Sur Chloé Delaume, La règle du je. Autofiction : un essai, Presses Universitaires de France, coll. Travaux pratiques, 2010

Initialement publié sur le site Parutions.com

Par Arnaud Genon

L’autofiction est un genre très récent pris dans l’histoire de la littérature française. Même si la « chose » existait avant qu’elle ne fût nommée par Serge Doubrovsky en 1977, sur la quatrième de couverture de Fils (Galilée), elle n’avait commencé à être explorée, dans l’acception doubrovskienne du terme tout au moins, qu’une cinquantaine d’années auparavant, par Colette (La naissance du jour, 1928) ou André Breton (Nadja, 1928). Rappelons d’abord, avec Chloé Delaume, de quoi il est ici question : « Le pays de l’Autofiction impose un pacte particulier : le Je est auteur, narrateur et protagoniste. C’est la règle de base, la contrainte imposée. » Là-dessus se greffe l’imagination, l’invention, « A cause de la mémoire, de l’impossibilité de s’en remettre à elle ».

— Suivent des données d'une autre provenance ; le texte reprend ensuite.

(* If $R$ is an affine ternary relation and $\sigma$ is a permutation of $\mathcal M$ preserving $R$, then $\sigma\in AGL(\mathcal M)$.
   Context: $\mathcal M$ denotes the $\mathbb Q$-vector space $\mathbb Q^{<\omega}$ of all sequences of rationals with only finitely many nonzero terms, with zero vector $\vec 0$. A relation is definable if it is first-order definable without parameters in $\langle\mathcal M;+\rangle$. A permutation $\sigma$ preserves a ternary relation $R$ if $R(a,b,c)\iff R(\sigma a,\sigma b,\sigma c)$ for all $a,b,c$. $AGL(\mathcal M)$ is the group of maps $x\mapsto A x+v$ with $A$ an invertible $\mathbb Q$-linear map of $\mathcal M$ and $v\in\mathcal M$. A ternary relation $R(x,y,z)$ has table $T$, where $T\subset\mathbb Q^2$ is finite, if for all linearly independent $x,y$ and all $z$: $R(x,y,z)\iff z=px+qy$ for some $(p,q)\in T$. A definable ternary relation $R$ is affine if it has a nonempty table $T$ such that every $(p,q)\in T$ satisfies $p\ne0$, $q\ne0$, $p+q=1$, and moreover for all $x,y,z\in\mathcal M$: if $x\ne y$ and $R(x,y,z)$ then $z\in\{x+t(y-x):t\in\mathbb Q\}$, and if $R(x,x,z)$ then $z=x$. *)

theory Defs
  imports Complex_Main
begin

definition Mset :: "(nat \<Rightarrow> rat) set" where
  "Mset = {f. finite {i. f i \<noteq> 0}}"

definition vzero :: "nat \<Rightarrow> rat" where "vzero = (\<lambda>_. 0)"
definition vadd :: "(nat \<Rightarrow> rat) \<Rightarrow> (nat \<Rightarrow> rat) \<Rightarrow> (nat \<Rightarrow> rat)" where
  "vadd x y = (\<lambda>i. x i + y i)"
definition vsub :: "(nat \<Rightarrow> rat) \<Rightarrow> (nat \<Rightarrow> rat) \<Rightarrow> (nat \<Rightarrow> rat)" where
  "vsub x y = (\<lambda>i. x i - y i)"
definition smul :: "rat \<Rightarrow> (nat \<Rightarrow> rat) \<Rightarrow> (nat \<Rightarrow> rat)" where
  "smul p x = (\<lambda>i. p * x i)"

definition lin_indep2 :: "(nat \<Rightarrow> rat) \<Rightarrow> (nat \<Rightarrow> rat) \<Rightarrow> bool" where
  "lin_indep2 x y \<longleftrightarrow> (\<forall>p q. vadd (smul p x) (smul q y) = vzero \<longrightarrow> p = 0 \<and> q = 0)"

datatype tm = V nat | Add tm tm
datatype fm = Eq tm tm | Neg fm | Conj fm fm | Ex nat fm

primrec evt :: "(nat \<Rightarrow> nat \<Rightarrow> rat) \<Rightarrow> tm \<Rightarrow> nat \<Rightarrow> rat" where
  "evt e (V n) = e n"
| "evt e (Add s t) = vadd (evt e s) (evt e t)"

primrec sat :: "(nat \<Rightarrow> nat \<Rightarrow> rat) \<Rightarrow> fm \<Rightarrow> bool" where
  "sat e (Eq s t) = (evt e s = evt e t)"
| "sat e (Neg \<phi>) = (\<not> sat e \<phi>)"
| "sat e (Conj \<phi> \<psi>) = (sat e \<phi> \<and> sat e \<psi>)"
| "sat e (Ex n \<phi>) = (\<exists>a\<in>Mset. sat (e(n := a)) \<phi>)"

definition definable3 :: "((nat \<Rightarrow> rat) \<Rightarrow> (nat \<Rightarrow> rat) \<Rightarrow> (nat \<Rightarrow> rat) \<Rightarrow> bool) \<Rightarrow> bool" where
  "definable3 R \<longleftrightarrow> (\<exists>\<phi>. \<forall>e. (\<forall>n. e n \<in> Mset) \<longrightarrow> (R (e 0) (e 1) (e 2) \<longleftrightarrow> sat e \<phi>))"

definition has_table :: "((nat \<Rightarrow> rat) \<Rightarrow> (nat \<Rightarrow> rat) \<Rightarrow> (nat \<Rightarrow> rat) \<Rightarrow> bool) \<Rightarrow> (rat \<times> rat) set \<Rightarrow> bool" where
  "has_table R T \<longleftrightarrow> finite T \<and>
     (\<forall>x\<in>Mset. \<forall>y\<in>Mset. lin_indep2 x y \<longrightarrow>
        (\<forall>z\<in>Mset. R x y z \<longleftrightarrow> (\<exists>(p,q)\<in>T. z = vadd (smul p x) (smul q y))))"

definition affine_rel :: "((nat \<Rightarrow> rat) \<Rightarrow> (nat \<Rightarrow> rat) \<Rightarrow> (nat \<Rightarrow> rat) \<Rightarrow> bool) \<Rightarrow> bool" where
  "affine_rel R \<longleftrightarrow> definable3 R \<and>
     (\<exists>T. T \<noteq> {} \<and> has_table R T \<and> (\<forall>(p,q)\<in>T. p \<noteq> 0 \<and> q \<noteq> 0 \<and> p + q = 1)) \<and>
     (\<forall>x\<in>Mset. \<forall>y\<in>Mset. \<forall>z\<in>Mset. x \<noteq> y \<and> R x y z \<longrightarrow>
        (\<exists>t::rat. z = vadd x (smul t (vsub y x)))) \<and>
     (\<forall>x\<in>Mset. \<forall>z\<in>Mset. R x x z \<longrightarrow> z = x)"

definition preserves3 :: "((nat \<Rightarrow> rat) \<Rightarrow> (nat \<Rightarrow> rat)) \<Rightarrow> ((nat \<Rightarrow> rat) \<Rightarrow> (nat \<Rightarrow> rat) \<Rightarrow> (nat \<Rightarrow> rat) \<Rightarrow> bool) \<Rightarrow> bool" where
  "preserves3 \<sigma> R \<longleftrightarrow> (\<forall>a\<in>Mset. \<forall>b\<in>Mset. \<forall>c\<in>Mset. R a b c \<longleftrightarrow> R (\<sigma> a) (\<sigma> b) (\<sigma> c))"

definition linear_on_M :: "((nat \<Rightarrow> rat) \<Rightarrow> (nat \<Rightarrow> rat)) \<Rightarrow> bool" where
  "linear_on_M A \<longleftrightarrow> (\<forall>x\<in>Mset. \<forall>y\<in>Mset. A (vadd x y) = vadd (A x) (A y)) \<and>
                       (\<forall>p. \<forall>x\<in>Mset. A (smul p x) = smul p (A x))"

definition in_AGL :: "((nat \<Rightarrow> rat) \<Rightarrow> (nat \<Rightarrow> rat)) \<Rightarrow> bool" where
  "in_AGL \<sigma> \<longleftrightarrow> (\<exists>A v. linear_on_M A \<and> bij_betw A Mset Mset \<and> v \<in> Mset \<and>
                      (\<forall>x\<in>Mset. \<sigma> x = vadd (A x) v))"

end

(*
  The ratio q of any pair in the table of R satisfies R x y (x + q (y - x)) for independent x, y.
  Along a line, the ratios by which \<sigma> carries collinear points to collinear points contain
  q, 1/q and 1/(1 - q) and are closed under r \<mapsto> 1 - r and under products, hence contain -1 and
  all integers; refining the step shows that \<sigma> maps every line through two independent points into
  a line, and a plane argument extends this to lines through 0. Applying the same to \<sigma>\<inverse> shows
  that the preimage of a line is a line.

  If x, y are independent and their line avoids \<sigma>\<inverse>(0), then \<sigma> x and \<sigma> y are independent:
  otherwise the image line passes through 0, and a chase of parallel lines in a plane spanned by
  images of integer combinations of x and y yields a contradiction. Hence \<sigma> maps parallelograms
  in general position to parallelograms, so \<sigma>(x - y + z) = \<sigma> x - \<sigma> y + \<sigma> z for generic x, y, z;
  unit squares in two fresh coordinates reduce the general case to this one. Therefore
  v \<mapsto> \<sigma>(e + v) - \<sigma>(e), for a unit vector e in a fresh coordinate, is additive, hence \<rat>-linear,
  and \<sigma> is this map plus a constant.
*)

theory Submission
  imports Defs "HOL-Library.Function_Algebras"
begin

lemma vadd_eq_plus [simp]: "vadd x y = x + y"
  by (simp add: vadd_def fun_eq_iff)

lemma vsub_eq_minus [simp]: "vsub x y = x - y"
  by (simp add: vsub_def fun_eq_iff)

lemma vzero_eq_zero [simp]: "vzero = 0"
  by (simp add: vzero_def fun_eq_iff)

lemma smul_apply [simp]: "smul p x i = p * x i"
  by (simp add: smul_def)

lemma smul_one [simp]: "smul 1 x = x"
  by (simp add: fun_eq_iff)

lemma smul_zero_left [simp]: "smul 0 x = 0"
  by (simp add: fun_eq_iff)

lemma smul_eq_zero_iff [simp]: "smul p x = 0 \<longleftrightarrow> p = 0 \<or> x = 0"
  by (auto simp: fun_eq_iff)

lemma Mset_iff: "x \<in> Mset \<longleftrightarrow> finite {i. x i \<noteq> 0}"
  by (simp add: Mset_def)

lemma Mset_zero [simp, intro]: "0 \<in> Mset"
  by (simp add: Mset_iff)

lemma Mset_add [intro]: "x \<in> Mset \<Longrightarrow> y \<in> Mset \<Longrightarrow> x + y \<in> Mset"
  unfolding Mset_iff by (rule finite_subset[of _ "{i. x i \<noteq> 0} \<union> {i. y i \<noteq> 0}"]) auto

lemma Mset_diff [intro]: "x \<in> Mset \<Longrightarrow> y \<in> Mset \<Longrightarrow> x - y \<in> Mset"
  unfolding Mset_iff by (rule finite_subset[of _ "{i. x i \<noteq> 0} \<union> {i. y i \<noteq> 0}"]) auto

lemma Mset_smul [intro]: "x \<in> Mset \<Longrightarrow> smul p x \<in> Mset"
  unfolding Mset_iff by (rule finite_subset[of _ "{i. x i \<noteq> 0}"]) auto

lemma Mset_common_zero_coord:
  assumes "finite A" "A \<subseteq> Mset" "finite F"
  shows "\<exists>k. k \<notin> F \<and> (\<forall>v\<in>A. v k = 0)"
proof -
  have "finite (F \<union> (\<Union>v\<in>A. {i. v i \<noteq> 0}))"
    using assms by (auto simp: Mset_iff)
  then obtain k where "k \<notin> F \<union> (\<Union>v\<in>A. {i. v i \<noteq> 0})"
    using ex_new_if_finite[OF infinite_UNIV_nat] by blast
  then show ?thesis by blast
qed

definition unit_vec :: "nat \<Rightarrow> nat \<Rightarrow> rat" where
  "unit_vec k = (\<lambda>i. if i = k then 1 else 0)"

lemma unit_vec_Mset [simp, intro]: "unit_vec k \<in> Mset"
  unfolding Mset_iff unit_vec_def by (rule finite_subset[of _ "{k}"]) auto

lemma unit_vec_same [simp]: "unit_vec k k = 1"
  by (simp add: unit_vec_def)

lemma unit_vec_other [simp]: "i \<noteq> k \<Longrightarrow> unit_vec k i = 0"
  by (simp add: unit_vec_def)

section \<open>Affine lines\<close>

definition line :: "(nat \<Rightarrow> rat) \<Rightarrow> (nat \<Rightarrow> rat) \<Rightarrow> (nat \<Rightarrow> rat) set" where
  "line a b = {c. \<exists>t. c = a + smul t (b - a)}"

lemma line_Mset: "a \<in> Mset \<Longrightarrow> b \<in> Mset \<Longrightarrow> c \<in> line a b \<Longrightarrow> c \<in> Mset"
  unfolding line_def by auto

lemma left_in_line [simp]: "a \<in> line a b"
  unfolding line_def by (auto intro!: exI[of _ 0])

lemma right_in_line [simp]: "b \<in> line a b"
  unfolding line_def by (auto intro!: exI[of _ 1])

lemma line_eq:
  assumes "c \<in> line a b" "d \<in> line a b" "c \<noteq> d"
  shows "line c d = line a b"
proof -
  obtain s where c: "c = a + smul s (b - a)" using assms(1) by (auto simp: line_def)
  obtain t where d: "d = a + smul t (b - a)" using assms(2) by (auto simp: line_def)
  have "t \<noteq> s" using assms(3) c d by auto
  have "c + smul u (d - c) = a + smul (s + u * (t - s)) (b - a)" for u
    unfolding c d by (simp add: fun_eq_iff algebra_simps)
  moreover have "a + smul u (b - a) = c + smul ((u - s) / (t - s)) (d - c)" for u
    unfolding c d using \<open>t \<noteq> s\<close> by (simp add: fun_eq_iff field_simps)
  ultimately show ?thesis unfolding line_def by blast
qed

lemma line_commute: "line a b = line b a"
  using line_eq[of b a b a] by (cases "a = b") auto

lemma line_swap:
  assumes "b \<in> line a c" "b \<noteq> a"
  shows "c \<in> line a b"
  using line_eq[of a a c b] assms by auto

lemma notin_line_same_coord:
  assumes "X c = P c" "Q c \<noteq> P c" "X \<noteq> P"
  shows "X \<notin> line P Q"
proof
  assume "X \<in> line P Q"
  then obtain t where t: "X = P + smul t (Q - P)" by (auto simp: line_def)
  then have "t * (Q c - P c) = 0" using assms(1) by (simp add: fun_eq_iff)
  then show False using t assms(2,3) by simp
qed

lemma notin_line_const_coord:
  assumes "X c \<noteq> P c" "P c = Q c"
  shows "X \<notin> line P Q"
  using assms by (auto simp: line_def)

lemma lin_indep2D: "lin_indep2 x y \<Longrightarrow> smul p x + smul q y = 0 \<Longrightarrow> p = 0 \<and> q = 0"
  unfolding lin_indep2_def by simp

lemma lin_indep2I: "(\<And>p q. smul p x + smul q y = 0 \<Longrightarrow> p = 0 \<and> q = 0) \<Longrightarrow> lin_indep2 x y"
  unfolding lin_indep2_def by simp

lemma lin_indep2_commute: "lin_indep2 x y \<Longrightarrow> lin_indep2 y x"
  unfolding lin_indep2_def by (metis add.commute vadd_eq_plus vzero_eq_zero)

lemma lin_indep2_nonzero:
  assumes "lin_indep2 x y"
  shows "x \<noteq> 0" "y \<noteq> 0"
  using lin_indep2D[OF assms, of 1 0] lin_indep2D[OF assms, of 0 1] by auto

lemma lin_indep2_neq: "lin_indep2 x y \<Longrightarrow> x \<noteq> y"
  using lin_indep2D[of x y 1 "-1"] by (auto simp: fun_eq_iff)

lemma lin_indep2_coeffs_eq:
  assumes "lin_indep2 x y" "smul a x + smul b y = smul a' x + smul b' y"
  shows "a = a' \<and> b = b'"
proof -
  have "smul (a - a') x + smul (b - b') y = 0"
    using fun_cong[OF assms(2)] by (simp add: fun_eq_iff algebra_simps)
  then show ?thesis using lin_indep2D[OF assms(1)] by fastforce
qed

lemma lin_indep2_by_coord:
  assumes "P c = 0" "Q c \<noteq> 0" "P \<noteq> 0"
  shows "lin_indep2 P Q"
proof (rule lin_indep2I)
  fix p q assume h: "smul p P + smul q Q = 0"
  have "p * P c + q * Q c = 0" using fun_cong[OF h, of c] by simp
  then have "q = 0" using assms(1,2) by simp
  then show "p = 0 \<and> q = 0" using h assms(3) by simp
qed

lemma lin_indep2_combination:
  assumes "lin_indep2 x y" "a1 * b2 - a2 * b1 \<noteq> 0"
  shows "lin_indep2 (smul a1 x + smul a2 y) (smul b1 x + smul b2 y)"
proof (rule lin_indep2I)
  fix p q assume "smul p (smul a1 x + smul a2 y) + smul q (smul b1 x + smul b2 y) = 0"
  then have "smul (p * a1 + q * b1) x + smul (p * a2 + q * b2) y = 0"
    by (simp add: fun_eq_iff algebra_simps)
  then have "p * a1 + q * b1 = 0" "p * a2 + q * b2 = 0"
    using lin_indep2D[OF assms(1)] by auto
  moreover have "p * (a1 * b2 - a2 * b1) = b2 * (p * a1 + q * b1) - b1 * (p * a2 + q * b2)"
    and "q * (a1 * b2 - a2 * b1) = a1 * (p * a2 + q * b2) - a2 * (p * a1 + q * b1)"
    by (simp_all add: algebra_simps)
  ultimately have "p * (a1 * b2 - a2 * b1) = 0" "q * (a1 * b2 - a2 * b1) = 0"
    by simp_all
  then show "p = 0 \<and> q = 0" using assms(2) by simp
qed

lemma line_point_eq_iff:
  assumes "x \<noteq> y"
  shows "x + smul a (y - x) = x + smul b (y - x) \<longleftrightarrow> a = b"
proof -
  have "(x + smul a (y - x)) - (x + smul b (y - x)) = smul (a - b) (y - x)"
    by (simp add: fun_eq_iff algebra_simps)
  then show ?thesis using assms by (metis diff_eq_diff_eq diff_self right_minus_eq smul_eq_zero_iff)
qed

Le genre est donc récent mais déjà renouvelé par le passionnant travail de l’auteur du Cri du sablier (Farrago / Léo Scheer, 2000) qui, depuis une dizaine d’années, tricote la fiction et le vécu dans la quinzaine de livres qu’elle a publiés. Si certains font de l’autofiction feignant de ne pas le savoir, si d’autres préfèrent taire le nom du genre sulfureux et polémique – parce qu’incompris ou réduit à des critiques dignes des grandes heures du jansénisme (voir les critiques proférées contre le genre dans le chapitre 5) –, Chloé Delaume déclare fièrement que son « laboratoire affiche Autofiction résidence principale ». Et d’ajouter, « Les écrivains souvent réfutent les étiquettes, les classifications émanant des critiques. Ils redoutent de finir dans de petits bocaux, bien qu’aspirant au fond à baigner dans le formol de la postérité. Pour moi, c’est tout le contraire. (…) Je ne cherche pas à faire œuvre, mais surtout à faire vie. »

De la pratique, Delaume passe à la théorisation subjective puisque cet essai, « commandé » en 2008 par Laurent de Sutter, directeur de la collection « Travaux Pratiques » aux Presses Universitaires de France, vise à proposer un point de vue de l’intérieur : « Ce qu’est pour moi l’autofiction, le dire, le raconter. Le compte rendu d’un Je qui s’emploie à s’écrire, ce que ça peut signifier ». On trouve, à l’origine de la pratique autofictionnelle de l’écrivain et performeuse, comme souvent dans ce genre d’entreprise d’écriture de soi, une faille, une fracture identitaire : problème de nom, d’identité, d’Être… L’autofiction procède alors pour Delaume d’un suicide du Je, « celui d’avant », au bénéfice d’un nouveau, devenu « personnage de fiction qui s’écrira lui-même ». L’autofiction, nous dit l’auteur, est « une fictionnalisation de soi, lucide. Assumant ce qui échappe au soi par l’inconscient », une autobiographie, pourrait-on dire, consciente de son impossibilité qui se fiera, selon le souhait de Doubrovsky, plus au langage « qu’à la mémoire et bien plus qu’à soi-même ». A cela s’ajoute le signe distinctif propre à Delaume et à ceux qui la pratiquent le plus sincèrement : l’autofiction est un laboratoire d’écriture tout autant que de vie, l’autofiction est une expérience existentielle.

Mais il est bien difficile d’appartenir à cette « maison » nous révèle l’écrivain, il est dangereux de l’habiter, de donner son adresse… C’est là le constat qu’elle a fait lors de la publication de Dans ma maison sous terre (Le Seuil, 2009). Elle n’est pas chez elle ici, lui dit-on…Ou pire encore, la maison n’existe pas. Il s’agit alors, partant de ses propres textes, d’investir le mot d’un sens que la critique peine à proposer. Il s’agit aussi de lutter contre les topoï qui minent le genre, de lui rendre (lui donner) une portée politique : « J’use de la fiction pour construire reconstruire le passé le présent parce que je veux rester maître de mon destin. »

Cet essai, disons le, est une fiction… Dans le sens que toute théorie est une fiction. Ou une autofiction qui théorise l’autofiction. A coup sûr, une expérience, comme tous les livres de Delaume. Un captivant work in progress : « Le reste est à venir alors il adviendra ».